__Work task__: For each line of the listing that includes the word "obtains", show the whole line.
○ ○ ○ ○ ○
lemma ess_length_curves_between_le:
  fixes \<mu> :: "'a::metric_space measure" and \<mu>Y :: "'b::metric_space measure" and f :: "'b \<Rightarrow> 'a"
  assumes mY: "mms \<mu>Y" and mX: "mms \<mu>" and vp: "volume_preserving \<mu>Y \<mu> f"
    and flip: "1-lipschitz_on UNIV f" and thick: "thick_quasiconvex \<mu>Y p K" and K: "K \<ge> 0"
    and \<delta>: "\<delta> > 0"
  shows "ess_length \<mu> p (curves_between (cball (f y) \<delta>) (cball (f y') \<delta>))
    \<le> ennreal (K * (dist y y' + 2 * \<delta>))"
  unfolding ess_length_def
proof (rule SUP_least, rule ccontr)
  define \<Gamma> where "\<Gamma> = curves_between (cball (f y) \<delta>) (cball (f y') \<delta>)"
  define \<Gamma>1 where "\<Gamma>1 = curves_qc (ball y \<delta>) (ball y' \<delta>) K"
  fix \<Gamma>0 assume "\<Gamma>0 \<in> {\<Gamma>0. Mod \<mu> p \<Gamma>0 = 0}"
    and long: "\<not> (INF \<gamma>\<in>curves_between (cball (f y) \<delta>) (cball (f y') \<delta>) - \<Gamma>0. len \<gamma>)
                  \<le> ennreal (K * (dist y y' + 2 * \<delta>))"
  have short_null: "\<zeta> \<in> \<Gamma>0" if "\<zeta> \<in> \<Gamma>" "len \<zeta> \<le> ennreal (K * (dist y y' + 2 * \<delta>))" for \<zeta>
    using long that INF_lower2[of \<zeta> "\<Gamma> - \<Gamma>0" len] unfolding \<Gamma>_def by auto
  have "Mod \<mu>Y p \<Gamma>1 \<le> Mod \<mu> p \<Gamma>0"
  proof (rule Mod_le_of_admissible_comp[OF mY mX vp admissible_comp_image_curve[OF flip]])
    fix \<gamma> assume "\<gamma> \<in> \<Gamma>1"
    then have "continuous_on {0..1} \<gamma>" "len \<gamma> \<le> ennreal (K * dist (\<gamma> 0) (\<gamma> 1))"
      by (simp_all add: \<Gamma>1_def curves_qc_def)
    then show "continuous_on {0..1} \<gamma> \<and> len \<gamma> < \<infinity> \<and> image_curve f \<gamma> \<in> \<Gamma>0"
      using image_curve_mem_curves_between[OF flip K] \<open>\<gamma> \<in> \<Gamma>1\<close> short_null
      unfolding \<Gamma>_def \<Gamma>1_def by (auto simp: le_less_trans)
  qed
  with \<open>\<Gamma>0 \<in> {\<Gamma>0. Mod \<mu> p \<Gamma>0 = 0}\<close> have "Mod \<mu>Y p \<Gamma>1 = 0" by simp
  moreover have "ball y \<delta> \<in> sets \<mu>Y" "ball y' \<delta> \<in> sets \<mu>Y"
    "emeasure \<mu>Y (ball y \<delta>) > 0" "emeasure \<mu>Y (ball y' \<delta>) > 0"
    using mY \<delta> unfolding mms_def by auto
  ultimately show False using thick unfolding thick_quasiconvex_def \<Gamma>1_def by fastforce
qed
○ ○ ○ ○ ○
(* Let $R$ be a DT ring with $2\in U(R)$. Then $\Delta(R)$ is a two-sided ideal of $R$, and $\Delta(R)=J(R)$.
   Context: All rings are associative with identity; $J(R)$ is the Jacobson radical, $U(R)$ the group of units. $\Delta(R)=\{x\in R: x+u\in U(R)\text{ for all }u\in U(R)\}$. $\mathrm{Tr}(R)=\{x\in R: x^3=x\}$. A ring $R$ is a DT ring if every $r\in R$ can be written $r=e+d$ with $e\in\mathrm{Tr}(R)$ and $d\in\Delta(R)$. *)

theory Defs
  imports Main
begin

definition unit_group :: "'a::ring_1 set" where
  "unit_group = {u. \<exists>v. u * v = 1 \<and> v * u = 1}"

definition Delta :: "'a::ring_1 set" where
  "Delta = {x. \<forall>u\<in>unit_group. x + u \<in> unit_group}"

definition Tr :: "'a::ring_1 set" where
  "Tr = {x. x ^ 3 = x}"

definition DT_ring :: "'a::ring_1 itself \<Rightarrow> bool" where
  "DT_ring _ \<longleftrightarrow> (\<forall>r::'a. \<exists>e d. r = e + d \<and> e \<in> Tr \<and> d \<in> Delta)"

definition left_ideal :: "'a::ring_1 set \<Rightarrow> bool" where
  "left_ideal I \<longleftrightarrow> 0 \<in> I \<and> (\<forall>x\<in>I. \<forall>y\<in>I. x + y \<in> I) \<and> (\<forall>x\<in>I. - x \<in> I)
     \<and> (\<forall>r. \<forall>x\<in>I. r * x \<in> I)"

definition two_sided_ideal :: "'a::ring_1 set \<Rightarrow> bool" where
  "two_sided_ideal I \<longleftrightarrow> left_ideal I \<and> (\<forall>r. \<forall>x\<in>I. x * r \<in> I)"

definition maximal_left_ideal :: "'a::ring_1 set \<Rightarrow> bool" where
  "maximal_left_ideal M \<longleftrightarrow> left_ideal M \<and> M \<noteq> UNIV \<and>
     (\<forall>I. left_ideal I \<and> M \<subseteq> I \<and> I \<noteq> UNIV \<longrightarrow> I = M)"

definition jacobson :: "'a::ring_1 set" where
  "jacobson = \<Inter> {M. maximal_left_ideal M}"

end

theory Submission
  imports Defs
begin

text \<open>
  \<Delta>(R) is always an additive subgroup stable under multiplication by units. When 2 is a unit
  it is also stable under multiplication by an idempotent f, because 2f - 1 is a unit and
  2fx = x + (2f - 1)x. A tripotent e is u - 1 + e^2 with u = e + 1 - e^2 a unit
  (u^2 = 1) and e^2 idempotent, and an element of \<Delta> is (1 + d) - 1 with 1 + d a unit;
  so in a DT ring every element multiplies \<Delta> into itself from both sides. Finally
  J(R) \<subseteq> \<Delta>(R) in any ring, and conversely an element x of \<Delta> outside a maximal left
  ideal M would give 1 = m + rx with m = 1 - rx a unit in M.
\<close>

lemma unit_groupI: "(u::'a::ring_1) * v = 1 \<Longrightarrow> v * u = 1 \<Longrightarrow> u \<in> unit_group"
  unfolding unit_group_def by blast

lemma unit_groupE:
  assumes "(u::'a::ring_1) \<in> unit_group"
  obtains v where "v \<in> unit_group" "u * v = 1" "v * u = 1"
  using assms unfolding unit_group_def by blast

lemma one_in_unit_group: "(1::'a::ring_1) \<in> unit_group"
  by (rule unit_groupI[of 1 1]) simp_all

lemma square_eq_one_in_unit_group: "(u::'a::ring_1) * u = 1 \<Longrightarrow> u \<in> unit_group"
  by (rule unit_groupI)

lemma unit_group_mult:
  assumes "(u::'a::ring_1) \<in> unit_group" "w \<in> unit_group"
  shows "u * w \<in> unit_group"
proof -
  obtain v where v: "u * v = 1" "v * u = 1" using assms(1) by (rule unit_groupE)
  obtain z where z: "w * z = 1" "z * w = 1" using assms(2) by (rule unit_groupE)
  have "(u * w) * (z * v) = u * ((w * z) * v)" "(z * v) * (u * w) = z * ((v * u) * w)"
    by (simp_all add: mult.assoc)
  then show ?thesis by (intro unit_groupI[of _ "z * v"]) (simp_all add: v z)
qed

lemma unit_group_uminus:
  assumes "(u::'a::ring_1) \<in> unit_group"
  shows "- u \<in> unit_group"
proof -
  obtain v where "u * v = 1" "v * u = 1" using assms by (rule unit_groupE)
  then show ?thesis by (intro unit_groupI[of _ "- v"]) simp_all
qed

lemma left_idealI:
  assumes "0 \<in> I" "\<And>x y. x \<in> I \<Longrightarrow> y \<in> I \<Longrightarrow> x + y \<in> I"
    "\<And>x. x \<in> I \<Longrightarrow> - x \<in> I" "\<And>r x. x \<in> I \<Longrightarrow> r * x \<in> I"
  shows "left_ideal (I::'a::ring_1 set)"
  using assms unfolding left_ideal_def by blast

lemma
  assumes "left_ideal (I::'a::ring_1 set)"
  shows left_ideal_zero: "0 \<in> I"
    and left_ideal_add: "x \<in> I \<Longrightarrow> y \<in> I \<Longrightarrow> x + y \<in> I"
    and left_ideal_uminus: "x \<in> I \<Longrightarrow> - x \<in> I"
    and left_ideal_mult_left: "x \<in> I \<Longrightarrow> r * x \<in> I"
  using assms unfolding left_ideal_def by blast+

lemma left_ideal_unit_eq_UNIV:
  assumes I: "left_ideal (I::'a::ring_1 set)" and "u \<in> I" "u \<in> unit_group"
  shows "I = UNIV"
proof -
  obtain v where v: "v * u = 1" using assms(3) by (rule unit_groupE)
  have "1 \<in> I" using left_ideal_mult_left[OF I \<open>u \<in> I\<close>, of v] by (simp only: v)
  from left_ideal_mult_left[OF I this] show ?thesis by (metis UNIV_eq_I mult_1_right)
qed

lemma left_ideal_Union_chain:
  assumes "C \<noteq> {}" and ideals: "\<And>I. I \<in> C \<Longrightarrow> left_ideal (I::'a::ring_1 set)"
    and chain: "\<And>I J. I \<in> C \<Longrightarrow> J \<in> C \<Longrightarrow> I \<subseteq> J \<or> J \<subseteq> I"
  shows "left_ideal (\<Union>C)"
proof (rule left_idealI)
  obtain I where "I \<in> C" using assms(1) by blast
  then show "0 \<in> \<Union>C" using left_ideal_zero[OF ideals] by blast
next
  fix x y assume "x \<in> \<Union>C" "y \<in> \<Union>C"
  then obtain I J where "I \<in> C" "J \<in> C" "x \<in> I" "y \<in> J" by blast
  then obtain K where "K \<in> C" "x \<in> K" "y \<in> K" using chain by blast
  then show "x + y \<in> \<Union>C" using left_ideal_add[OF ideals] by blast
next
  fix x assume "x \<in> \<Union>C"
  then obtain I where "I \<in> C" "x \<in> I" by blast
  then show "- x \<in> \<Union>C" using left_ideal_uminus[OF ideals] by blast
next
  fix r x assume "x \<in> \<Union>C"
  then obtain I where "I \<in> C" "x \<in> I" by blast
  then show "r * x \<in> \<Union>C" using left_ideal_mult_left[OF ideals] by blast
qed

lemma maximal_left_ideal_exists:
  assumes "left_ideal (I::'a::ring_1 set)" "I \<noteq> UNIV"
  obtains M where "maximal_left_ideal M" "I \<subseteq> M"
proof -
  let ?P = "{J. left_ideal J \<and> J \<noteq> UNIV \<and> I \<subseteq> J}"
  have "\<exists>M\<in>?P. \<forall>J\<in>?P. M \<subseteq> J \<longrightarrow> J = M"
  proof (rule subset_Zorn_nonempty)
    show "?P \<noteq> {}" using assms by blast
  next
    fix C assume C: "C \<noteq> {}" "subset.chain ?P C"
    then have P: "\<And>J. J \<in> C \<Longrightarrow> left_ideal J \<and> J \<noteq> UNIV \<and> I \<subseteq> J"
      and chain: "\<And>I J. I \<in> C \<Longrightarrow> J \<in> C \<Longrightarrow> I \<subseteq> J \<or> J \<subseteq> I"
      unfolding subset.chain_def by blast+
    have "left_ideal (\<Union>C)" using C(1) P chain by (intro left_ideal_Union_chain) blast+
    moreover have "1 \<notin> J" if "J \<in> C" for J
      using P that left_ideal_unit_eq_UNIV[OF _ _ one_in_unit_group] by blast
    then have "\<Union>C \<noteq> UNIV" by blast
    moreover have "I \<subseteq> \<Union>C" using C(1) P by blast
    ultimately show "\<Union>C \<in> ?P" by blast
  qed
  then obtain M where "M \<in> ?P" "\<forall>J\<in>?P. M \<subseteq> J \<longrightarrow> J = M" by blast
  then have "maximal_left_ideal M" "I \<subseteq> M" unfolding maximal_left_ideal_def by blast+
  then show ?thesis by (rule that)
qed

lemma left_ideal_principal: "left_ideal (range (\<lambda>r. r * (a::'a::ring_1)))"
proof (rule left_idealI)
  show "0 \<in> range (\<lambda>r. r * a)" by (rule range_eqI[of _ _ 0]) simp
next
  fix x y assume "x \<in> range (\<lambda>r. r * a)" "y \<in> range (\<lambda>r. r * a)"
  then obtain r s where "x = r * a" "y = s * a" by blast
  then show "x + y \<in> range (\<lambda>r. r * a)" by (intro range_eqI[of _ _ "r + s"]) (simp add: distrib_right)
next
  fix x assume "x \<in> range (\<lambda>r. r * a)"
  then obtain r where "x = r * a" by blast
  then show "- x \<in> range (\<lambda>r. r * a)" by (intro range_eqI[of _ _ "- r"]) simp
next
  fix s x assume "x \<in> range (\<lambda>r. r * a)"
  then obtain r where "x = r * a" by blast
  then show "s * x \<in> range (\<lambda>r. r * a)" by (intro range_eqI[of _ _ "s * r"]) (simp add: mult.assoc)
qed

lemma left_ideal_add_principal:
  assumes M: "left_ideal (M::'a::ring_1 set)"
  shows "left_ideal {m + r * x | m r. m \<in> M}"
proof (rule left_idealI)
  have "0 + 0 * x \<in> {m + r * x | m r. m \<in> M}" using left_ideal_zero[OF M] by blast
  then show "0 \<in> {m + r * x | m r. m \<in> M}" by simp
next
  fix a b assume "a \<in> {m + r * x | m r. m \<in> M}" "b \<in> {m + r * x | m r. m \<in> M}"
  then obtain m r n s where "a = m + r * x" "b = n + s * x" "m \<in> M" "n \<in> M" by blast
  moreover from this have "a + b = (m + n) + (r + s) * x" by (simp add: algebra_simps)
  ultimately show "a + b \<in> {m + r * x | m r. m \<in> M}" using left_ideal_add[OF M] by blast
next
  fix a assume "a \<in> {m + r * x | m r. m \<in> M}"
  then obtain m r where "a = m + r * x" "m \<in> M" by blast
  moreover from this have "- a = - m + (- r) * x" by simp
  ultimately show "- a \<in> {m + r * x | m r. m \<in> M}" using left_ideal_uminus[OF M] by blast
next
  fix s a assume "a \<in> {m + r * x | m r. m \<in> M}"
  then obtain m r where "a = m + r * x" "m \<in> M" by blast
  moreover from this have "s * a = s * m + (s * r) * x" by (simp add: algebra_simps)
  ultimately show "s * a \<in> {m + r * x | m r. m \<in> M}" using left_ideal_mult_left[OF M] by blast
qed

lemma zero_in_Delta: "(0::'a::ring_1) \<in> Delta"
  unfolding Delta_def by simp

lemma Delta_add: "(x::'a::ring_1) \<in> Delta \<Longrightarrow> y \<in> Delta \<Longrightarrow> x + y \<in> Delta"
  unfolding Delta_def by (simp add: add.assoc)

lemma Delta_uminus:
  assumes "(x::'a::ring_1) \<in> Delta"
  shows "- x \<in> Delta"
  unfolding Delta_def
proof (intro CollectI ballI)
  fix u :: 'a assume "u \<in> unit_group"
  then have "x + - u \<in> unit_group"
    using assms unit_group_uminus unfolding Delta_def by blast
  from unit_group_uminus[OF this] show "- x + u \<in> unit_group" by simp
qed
○ ○ ○ ○ ○
__Your response__:
  obtains v where "v \<in> unit_group" "u * v = 1" "v * u = 1"
  obtains M where "maximal_left_ideal M" "I \<subseteq> M"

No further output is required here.